Your goal |
Show each line in the listing below that contains the word "LBINT".

Material for the task |
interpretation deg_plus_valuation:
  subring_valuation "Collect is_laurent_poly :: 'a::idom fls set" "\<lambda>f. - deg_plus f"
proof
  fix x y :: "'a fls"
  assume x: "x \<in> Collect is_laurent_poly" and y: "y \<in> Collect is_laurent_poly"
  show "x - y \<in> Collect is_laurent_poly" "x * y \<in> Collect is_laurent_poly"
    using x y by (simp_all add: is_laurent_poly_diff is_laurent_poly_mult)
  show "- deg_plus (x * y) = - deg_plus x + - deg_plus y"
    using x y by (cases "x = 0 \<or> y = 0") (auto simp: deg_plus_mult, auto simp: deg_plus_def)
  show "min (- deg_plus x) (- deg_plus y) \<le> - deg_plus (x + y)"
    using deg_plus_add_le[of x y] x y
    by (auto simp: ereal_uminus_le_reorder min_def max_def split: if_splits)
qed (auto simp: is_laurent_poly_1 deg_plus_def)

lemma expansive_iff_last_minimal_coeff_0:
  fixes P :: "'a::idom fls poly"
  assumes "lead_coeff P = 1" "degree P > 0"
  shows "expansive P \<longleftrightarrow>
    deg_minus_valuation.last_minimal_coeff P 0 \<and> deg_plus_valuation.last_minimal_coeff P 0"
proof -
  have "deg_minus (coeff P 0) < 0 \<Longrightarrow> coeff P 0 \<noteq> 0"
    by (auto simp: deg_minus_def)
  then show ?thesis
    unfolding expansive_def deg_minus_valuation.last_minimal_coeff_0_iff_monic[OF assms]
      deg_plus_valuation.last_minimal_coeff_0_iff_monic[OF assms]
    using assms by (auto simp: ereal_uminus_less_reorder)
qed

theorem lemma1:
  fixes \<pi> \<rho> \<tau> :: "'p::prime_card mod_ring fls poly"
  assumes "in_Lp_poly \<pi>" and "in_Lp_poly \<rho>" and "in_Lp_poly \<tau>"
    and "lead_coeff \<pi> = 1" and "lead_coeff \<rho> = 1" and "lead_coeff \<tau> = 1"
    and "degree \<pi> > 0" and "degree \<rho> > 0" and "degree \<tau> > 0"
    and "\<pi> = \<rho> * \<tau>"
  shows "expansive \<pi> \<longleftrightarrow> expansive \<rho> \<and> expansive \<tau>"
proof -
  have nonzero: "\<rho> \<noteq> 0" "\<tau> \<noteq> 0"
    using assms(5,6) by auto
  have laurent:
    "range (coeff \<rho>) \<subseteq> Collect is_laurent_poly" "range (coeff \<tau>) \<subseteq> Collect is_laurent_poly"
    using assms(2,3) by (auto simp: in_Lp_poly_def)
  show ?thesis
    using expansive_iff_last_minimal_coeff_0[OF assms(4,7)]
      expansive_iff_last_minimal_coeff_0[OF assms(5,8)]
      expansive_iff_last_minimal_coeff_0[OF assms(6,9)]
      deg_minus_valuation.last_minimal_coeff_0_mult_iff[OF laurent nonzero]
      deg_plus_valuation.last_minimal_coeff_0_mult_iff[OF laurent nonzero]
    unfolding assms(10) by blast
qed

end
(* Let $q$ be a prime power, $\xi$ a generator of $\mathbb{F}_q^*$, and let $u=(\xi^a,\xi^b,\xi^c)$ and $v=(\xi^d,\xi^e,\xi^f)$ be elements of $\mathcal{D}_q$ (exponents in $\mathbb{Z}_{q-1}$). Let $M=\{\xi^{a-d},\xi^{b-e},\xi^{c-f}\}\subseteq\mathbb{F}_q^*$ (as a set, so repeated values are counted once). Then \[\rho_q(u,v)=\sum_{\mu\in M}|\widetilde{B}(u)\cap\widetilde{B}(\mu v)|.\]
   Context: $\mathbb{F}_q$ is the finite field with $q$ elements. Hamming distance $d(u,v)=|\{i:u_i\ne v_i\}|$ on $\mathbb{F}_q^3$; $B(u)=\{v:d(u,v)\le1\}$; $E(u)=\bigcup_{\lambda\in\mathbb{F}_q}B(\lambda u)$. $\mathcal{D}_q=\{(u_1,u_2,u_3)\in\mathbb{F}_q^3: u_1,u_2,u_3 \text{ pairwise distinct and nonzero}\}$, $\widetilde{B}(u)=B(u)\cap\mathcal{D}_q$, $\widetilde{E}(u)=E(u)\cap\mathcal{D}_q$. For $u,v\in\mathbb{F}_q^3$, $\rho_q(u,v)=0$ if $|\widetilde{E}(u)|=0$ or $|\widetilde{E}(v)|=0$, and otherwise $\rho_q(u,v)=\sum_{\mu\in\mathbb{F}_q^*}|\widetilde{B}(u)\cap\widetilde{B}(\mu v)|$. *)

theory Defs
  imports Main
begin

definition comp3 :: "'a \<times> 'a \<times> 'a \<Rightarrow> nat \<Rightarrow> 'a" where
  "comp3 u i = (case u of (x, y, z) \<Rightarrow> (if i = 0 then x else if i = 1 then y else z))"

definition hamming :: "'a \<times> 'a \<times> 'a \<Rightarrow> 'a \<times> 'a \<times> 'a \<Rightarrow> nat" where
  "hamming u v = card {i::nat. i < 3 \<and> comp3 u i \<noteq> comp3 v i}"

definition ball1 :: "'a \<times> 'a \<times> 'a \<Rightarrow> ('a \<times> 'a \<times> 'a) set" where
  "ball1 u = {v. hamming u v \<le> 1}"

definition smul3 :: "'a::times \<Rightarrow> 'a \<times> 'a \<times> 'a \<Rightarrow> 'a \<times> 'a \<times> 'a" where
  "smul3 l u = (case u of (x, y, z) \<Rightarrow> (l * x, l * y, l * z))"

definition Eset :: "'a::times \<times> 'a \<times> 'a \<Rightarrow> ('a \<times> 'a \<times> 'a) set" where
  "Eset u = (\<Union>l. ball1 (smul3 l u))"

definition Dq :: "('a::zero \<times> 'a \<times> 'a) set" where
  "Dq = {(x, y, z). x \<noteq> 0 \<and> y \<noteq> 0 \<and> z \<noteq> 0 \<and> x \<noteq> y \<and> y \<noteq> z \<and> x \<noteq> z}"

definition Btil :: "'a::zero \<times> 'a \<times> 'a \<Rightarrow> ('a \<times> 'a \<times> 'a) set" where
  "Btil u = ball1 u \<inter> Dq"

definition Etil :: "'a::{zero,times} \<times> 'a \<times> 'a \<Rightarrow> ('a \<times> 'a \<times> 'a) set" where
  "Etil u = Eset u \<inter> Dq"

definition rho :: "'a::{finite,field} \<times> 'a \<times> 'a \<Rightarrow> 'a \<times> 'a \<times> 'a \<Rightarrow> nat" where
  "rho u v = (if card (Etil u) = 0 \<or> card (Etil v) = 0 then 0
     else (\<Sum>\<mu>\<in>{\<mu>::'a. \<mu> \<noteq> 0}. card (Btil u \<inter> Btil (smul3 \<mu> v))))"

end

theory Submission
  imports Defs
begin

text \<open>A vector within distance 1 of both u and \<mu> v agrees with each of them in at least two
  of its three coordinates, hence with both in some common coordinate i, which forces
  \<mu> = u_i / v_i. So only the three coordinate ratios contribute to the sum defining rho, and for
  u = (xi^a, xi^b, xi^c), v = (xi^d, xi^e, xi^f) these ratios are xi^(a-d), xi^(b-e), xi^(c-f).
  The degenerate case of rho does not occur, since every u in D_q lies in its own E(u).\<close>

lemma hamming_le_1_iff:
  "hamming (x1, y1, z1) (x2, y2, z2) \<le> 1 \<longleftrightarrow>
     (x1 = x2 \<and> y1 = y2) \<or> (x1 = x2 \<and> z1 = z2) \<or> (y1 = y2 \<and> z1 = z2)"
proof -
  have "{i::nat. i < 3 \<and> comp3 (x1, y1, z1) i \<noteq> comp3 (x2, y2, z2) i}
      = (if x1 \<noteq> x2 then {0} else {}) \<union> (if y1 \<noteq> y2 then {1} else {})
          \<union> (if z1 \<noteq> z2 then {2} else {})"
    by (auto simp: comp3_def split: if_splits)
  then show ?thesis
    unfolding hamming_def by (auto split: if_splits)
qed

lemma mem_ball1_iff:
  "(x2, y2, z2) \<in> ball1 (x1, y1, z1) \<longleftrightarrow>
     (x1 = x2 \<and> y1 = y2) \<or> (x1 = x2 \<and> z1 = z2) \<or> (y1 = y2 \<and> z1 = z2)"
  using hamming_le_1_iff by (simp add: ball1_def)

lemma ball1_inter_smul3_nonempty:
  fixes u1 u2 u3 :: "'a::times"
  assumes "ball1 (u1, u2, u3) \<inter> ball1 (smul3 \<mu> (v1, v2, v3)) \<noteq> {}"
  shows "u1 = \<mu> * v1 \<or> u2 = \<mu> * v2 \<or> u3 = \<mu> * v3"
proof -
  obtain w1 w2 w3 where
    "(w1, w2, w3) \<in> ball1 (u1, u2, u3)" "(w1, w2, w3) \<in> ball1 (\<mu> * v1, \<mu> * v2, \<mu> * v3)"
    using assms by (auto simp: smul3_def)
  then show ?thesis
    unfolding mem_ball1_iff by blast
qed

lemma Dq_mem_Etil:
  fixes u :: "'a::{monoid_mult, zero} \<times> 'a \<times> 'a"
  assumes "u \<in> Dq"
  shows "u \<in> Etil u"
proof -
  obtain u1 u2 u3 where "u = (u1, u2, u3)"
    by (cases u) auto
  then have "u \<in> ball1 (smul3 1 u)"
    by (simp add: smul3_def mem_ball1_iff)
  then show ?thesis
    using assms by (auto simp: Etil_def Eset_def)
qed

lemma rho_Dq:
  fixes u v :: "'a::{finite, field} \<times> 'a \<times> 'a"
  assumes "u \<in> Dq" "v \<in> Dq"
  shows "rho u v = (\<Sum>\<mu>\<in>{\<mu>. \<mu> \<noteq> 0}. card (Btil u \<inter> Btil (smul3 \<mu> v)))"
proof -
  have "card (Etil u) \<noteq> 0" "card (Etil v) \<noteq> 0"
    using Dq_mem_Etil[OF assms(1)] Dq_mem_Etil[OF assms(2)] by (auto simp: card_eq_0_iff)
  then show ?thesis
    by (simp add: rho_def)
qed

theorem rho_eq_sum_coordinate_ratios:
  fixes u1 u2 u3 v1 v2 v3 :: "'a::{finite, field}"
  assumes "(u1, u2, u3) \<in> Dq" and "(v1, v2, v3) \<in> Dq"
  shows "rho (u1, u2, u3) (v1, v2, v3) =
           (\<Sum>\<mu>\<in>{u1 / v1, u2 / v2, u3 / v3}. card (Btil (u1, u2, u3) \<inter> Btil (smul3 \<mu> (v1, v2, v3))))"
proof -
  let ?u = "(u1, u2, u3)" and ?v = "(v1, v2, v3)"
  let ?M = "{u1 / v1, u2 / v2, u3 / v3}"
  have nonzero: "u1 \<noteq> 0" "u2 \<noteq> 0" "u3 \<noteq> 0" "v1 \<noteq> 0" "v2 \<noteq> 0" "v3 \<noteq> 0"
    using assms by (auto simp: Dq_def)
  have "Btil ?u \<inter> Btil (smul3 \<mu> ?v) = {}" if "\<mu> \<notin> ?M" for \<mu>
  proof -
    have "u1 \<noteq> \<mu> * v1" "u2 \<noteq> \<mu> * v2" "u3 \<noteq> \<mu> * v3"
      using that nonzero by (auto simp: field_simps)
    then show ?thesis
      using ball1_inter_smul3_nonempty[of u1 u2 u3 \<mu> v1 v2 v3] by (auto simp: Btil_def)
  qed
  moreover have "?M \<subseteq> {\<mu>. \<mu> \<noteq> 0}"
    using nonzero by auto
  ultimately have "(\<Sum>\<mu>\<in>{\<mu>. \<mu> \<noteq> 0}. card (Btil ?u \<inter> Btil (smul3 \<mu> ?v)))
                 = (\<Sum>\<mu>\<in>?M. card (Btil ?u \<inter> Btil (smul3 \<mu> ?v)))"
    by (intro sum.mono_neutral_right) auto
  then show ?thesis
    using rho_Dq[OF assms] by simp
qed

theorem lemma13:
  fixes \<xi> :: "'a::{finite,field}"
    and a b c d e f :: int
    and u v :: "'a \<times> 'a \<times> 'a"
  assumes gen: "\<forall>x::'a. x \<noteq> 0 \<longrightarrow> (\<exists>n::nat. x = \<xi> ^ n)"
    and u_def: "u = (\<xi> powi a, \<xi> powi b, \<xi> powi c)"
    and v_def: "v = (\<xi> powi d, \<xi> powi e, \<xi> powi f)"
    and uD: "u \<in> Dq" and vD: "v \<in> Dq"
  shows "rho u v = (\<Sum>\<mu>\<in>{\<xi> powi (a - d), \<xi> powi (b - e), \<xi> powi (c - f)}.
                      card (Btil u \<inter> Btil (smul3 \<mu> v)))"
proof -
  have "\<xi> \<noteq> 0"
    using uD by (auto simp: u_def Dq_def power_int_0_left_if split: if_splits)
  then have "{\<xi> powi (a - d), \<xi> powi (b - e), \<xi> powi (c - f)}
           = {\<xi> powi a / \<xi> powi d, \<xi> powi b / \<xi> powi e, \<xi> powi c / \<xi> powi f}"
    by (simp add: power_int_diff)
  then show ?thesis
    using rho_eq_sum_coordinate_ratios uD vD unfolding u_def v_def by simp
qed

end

---

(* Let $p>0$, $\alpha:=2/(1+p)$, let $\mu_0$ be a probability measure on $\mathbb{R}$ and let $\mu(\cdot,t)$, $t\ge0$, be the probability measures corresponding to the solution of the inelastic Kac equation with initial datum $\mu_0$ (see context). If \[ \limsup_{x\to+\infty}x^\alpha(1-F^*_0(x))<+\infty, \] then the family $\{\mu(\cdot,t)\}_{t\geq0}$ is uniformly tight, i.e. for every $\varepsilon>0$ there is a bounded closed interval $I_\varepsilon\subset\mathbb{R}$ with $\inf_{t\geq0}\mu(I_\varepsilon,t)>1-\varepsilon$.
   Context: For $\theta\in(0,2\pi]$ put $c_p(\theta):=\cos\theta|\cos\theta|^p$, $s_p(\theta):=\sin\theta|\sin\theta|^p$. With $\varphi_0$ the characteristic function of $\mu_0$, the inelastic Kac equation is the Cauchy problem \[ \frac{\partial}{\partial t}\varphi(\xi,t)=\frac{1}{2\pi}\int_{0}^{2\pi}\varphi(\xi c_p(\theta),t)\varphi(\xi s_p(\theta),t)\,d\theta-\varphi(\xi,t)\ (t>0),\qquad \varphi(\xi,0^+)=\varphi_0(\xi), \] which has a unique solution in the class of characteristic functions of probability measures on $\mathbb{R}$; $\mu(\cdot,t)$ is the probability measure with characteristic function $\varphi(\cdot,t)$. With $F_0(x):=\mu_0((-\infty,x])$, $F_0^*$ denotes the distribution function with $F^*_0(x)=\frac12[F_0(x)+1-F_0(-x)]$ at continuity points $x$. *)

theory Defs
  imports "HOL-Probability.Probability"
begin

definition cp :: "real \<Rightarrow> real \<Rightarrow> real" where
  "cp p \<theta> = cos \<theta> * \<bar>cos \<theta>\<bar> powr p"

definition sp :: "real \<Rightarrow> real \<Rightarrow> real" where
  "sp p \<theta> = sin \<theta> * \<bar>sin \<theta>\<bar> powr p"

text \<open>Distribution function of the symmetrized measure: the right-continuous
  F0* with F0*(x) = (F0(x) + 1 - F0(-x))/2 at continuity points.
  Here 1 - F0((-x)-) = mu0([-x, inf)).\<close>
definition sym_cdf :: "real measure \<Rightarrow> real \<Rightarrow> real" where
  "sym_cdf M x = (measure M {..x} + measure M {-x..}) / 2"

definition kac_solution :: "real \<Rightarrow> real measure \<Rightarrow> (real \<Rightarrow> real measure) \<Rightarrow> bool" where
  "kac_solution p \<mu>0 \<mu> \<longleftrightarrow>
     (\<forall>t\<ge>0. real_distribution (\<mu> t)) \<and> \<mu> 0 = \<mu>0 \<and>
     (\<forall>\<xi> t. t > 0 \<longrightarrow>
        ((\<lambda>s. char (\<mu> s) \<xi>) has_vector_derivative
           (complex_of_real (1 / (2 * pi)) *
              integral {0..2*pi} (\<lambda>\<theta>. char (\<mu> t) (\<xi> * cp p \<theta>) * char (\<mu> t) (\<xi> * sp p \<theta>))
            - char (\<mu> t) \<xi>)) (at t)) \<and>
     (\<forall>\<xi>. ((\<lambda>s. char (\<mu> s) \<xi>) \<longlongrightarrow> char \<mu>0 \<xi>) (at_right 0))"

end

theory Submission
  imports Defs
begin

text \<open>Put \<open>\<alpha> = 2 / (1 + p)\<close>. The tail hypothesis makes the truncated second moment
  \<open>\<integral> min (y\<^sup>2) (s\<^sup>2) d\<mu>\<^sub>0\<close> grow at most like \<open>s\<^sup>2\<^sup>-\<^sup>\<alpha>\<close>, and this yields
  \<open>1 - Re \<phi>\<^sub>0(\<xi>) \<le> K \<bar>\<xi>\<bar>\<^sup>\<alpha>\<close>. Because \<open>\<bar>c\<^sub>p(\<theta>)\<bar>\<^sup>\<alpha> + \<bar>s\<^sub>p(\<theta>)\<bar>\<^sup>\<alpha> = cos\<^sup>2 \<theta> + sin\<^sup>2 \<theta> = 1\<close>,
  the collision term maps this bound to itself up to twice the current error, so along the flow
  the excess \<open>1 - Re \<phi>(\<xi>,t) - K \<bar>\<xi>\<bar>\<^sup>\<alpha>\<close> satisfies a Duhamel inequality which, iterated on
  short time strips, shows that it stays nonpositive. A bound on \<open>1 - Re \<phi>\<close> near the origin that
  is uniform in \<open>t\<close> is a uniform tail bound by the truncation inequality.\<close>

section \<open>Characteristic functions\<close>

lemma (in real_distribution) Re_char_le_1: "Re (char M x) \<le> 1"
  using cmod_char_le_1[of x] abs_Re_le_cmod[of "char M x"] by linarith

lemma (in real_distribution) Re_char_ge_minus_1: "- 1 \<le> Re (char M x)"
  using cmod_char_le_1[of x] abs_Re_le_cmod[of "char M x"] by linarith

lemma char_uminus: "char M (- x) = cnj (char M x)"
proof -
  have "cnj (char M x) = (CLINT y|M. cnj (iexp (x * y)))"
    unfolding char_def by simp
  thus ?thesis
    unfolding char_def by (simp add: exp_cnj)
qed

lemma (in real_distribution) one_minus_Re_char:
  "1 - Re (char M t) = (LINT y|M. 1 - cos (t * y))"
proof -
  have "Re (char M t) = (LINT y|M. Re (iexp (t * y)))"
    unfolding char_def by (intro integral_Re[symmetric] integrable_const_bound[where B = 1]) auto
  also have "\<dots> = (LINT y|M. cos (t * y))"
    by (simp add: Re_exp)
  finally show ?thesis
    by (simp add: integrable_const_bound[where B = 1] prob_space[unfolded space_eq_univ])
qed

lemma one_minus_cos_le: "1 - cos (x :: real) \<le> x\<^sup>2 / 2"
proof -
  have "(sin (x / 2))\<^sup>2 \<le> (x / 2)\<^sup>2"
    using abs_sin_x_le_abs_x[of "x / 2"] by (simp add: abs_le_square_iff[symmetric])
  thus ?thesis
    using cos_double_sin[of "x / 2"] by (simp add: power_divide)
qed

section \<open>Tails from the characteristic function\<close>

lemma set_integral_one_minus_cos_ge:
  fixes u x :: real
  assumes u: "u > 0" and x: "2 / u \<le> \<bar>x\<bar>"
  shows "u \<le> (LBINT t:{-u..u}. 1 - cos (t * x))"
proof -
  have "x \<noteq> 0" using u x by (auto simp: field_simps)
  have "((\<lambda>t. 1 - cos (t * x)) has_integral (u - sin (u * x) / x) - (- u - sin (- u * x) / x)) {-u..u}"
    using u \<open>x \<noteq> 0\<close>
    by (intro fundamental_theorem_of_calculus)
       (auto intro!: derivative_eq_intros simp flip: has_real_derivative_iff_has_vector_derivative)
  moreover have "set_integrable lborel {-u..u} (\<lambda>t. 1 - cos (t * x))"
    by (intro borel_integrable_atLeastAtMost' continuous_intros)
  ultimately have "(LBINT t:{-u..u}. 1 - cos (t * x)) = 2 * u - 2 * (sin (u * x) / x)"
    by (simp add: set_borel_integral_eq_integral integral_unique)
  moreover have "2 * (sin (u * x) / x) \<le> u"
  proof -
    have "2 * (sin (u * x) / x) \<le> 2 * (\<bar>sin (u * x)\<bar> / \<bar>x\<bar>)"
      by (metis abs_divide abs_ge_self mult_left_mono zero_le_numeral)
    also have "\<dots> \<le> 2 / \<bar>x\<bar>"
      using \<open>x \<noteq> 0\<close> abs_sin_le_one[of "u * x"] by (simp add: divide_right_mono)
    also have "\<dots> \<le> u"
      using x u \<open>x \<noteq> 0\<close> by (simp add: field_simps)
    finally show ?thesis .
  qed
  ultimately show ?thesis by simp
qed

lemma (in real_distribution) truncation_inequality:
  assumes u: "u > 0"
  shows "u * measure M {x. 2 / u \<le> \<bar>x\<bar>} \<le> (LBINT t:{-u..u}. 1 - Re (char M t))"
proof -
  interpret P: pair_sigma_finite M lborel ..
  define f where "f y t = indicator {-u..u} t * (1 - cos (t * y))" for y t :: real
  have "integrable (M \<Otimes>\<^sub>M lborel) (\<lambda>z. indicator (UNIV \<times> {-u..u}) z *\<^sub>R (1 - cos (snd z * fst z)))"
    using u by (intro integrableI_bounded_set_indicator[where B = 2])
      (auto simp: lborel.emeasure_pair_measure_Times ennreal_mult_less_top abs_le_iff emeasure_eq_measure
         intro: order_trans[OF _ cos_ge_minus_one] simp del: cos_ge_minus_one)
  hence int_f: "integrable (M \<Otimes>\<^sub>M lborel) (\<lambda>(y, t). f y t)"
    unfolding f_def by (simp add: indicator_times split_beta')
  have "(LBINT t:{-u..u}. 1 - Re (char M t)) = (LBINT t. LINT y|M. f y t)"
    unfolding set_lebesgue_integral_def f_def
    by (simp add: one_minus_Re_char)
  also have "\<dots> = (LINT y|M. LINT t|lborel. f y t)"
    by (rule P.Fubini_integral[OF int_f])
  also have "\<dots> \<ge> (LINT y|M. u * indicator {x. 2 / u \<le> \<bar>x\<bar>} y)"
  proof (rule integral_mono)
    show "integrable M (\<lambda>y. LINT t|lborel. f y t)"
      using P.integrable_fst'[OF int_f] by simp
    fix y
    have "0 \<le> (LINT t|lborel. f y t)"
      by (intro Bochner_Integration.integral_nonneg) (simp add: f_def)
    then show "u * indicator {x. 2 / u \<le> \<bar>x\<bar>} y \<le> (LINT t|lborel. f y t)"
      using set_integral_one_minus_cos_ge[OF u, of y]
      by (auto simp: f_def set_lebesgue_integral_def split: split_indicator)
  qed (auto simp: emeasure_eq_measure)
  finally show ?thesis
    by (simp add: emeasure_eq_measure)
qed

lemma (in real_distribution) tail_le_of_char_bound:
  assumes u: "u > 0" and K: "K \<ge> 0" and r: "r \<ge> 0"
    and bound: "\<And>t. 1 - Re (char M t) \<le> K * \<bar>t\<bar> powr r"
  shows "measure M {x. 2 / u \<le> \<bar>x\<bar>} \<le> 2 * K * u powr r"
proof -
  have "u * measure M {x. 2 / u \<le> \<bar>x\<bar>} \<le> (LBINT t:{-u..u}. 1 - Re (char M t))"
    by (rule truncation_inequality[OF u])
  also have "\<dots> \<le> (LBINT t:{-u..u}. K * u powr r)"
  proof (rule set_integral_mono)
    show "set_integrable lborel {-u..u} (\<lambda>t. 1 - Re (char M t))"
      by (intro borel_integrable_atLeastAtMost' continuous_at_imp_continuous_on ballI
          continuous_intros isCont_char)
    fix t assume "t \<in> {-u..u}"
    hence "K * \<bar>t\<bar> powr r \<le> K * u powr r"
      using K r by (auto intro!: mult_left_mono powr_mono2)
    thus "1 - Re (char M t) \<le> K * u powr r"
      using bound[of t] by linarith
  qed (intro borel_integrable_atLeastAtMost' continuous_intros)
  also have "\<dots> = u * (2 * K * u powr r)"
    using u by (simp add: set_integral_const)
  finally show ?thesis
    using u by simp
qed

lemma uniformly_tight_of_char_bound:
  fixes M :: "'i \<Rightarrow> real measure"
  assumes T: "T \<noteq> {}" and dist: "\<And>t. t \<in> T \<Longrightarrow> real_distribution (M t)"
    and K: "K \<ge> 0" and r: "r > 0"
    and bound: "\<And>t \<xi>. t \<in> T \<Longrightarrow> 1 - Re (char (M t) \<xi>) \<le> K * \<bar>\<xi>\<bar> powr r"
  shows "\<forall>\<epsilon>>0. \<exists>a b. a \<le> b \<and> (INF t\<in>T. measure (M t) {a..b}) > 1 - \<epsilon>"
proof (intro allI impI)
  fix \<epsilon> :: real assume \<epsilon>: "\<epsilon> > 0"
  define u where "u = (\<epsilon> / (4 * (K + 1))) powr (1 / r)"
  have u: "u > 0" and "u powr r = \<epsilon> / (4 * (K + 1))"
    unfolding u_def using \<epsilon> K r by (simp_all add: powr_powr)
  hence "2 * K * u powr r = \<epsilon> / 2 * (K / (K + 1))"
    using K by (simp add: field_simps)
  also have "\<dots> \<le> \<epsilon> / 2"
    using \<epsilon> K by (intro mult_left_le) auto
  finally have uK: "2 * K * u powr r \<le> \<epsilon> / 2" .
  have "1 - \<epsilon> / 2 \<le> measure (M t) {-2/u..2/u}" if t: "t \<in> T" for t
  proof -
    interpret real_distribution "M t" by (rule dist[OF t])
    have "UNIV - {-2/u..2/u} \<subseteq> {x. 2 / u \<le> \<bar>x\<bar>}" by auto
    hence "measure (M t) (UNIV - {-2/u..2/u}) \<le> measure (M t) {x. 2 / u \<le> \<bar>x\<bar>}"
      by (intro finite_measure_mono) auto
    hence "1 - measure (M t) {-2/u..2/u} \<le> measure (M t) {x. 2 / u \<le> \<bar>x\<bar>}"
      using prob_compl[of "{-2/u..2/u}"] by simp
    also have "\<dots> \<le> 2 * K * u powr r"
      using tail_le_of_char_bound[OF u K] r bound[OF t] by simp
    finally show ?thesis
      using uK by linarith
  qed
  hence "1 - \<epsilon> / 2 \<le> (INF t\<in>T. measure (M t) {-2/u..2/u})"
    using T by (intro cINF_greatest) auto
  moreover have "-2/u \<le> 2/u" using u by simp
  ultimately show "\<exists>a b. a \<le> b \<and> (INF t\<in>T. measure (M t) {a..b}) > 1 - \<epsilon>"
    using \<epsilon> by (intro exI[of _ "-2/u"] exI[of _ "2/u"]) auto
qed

Task output |
  shows "u \<le> (LBINT t:{-u..u}. 1 - cos (t * x))"
  ultimately have "(LBINT t:{-u..u}. 1 - cos (t * x)) = 2 * u - 2 * (sin (u * x) / x)"
  shows "u * measure M {x. 2 / u \<le> \<bar>x\<bar>} \<le> (LBINT t:{-u..u}. 1 - Re (char M t))"
  have "(LBINT t:{-u..u}. 1 - Re (char M t)) = (LBINT t. LINT y|M. f y t)"
  have "u * measure M {x. 2 / u \<le> \<bar>x\<bar>} \<le> (LBINT t:{-u..u}. 1 - Re (char M t))"
  also have "\<dots> \<le> (LBINT t:{-u..u}. K * u powr r)"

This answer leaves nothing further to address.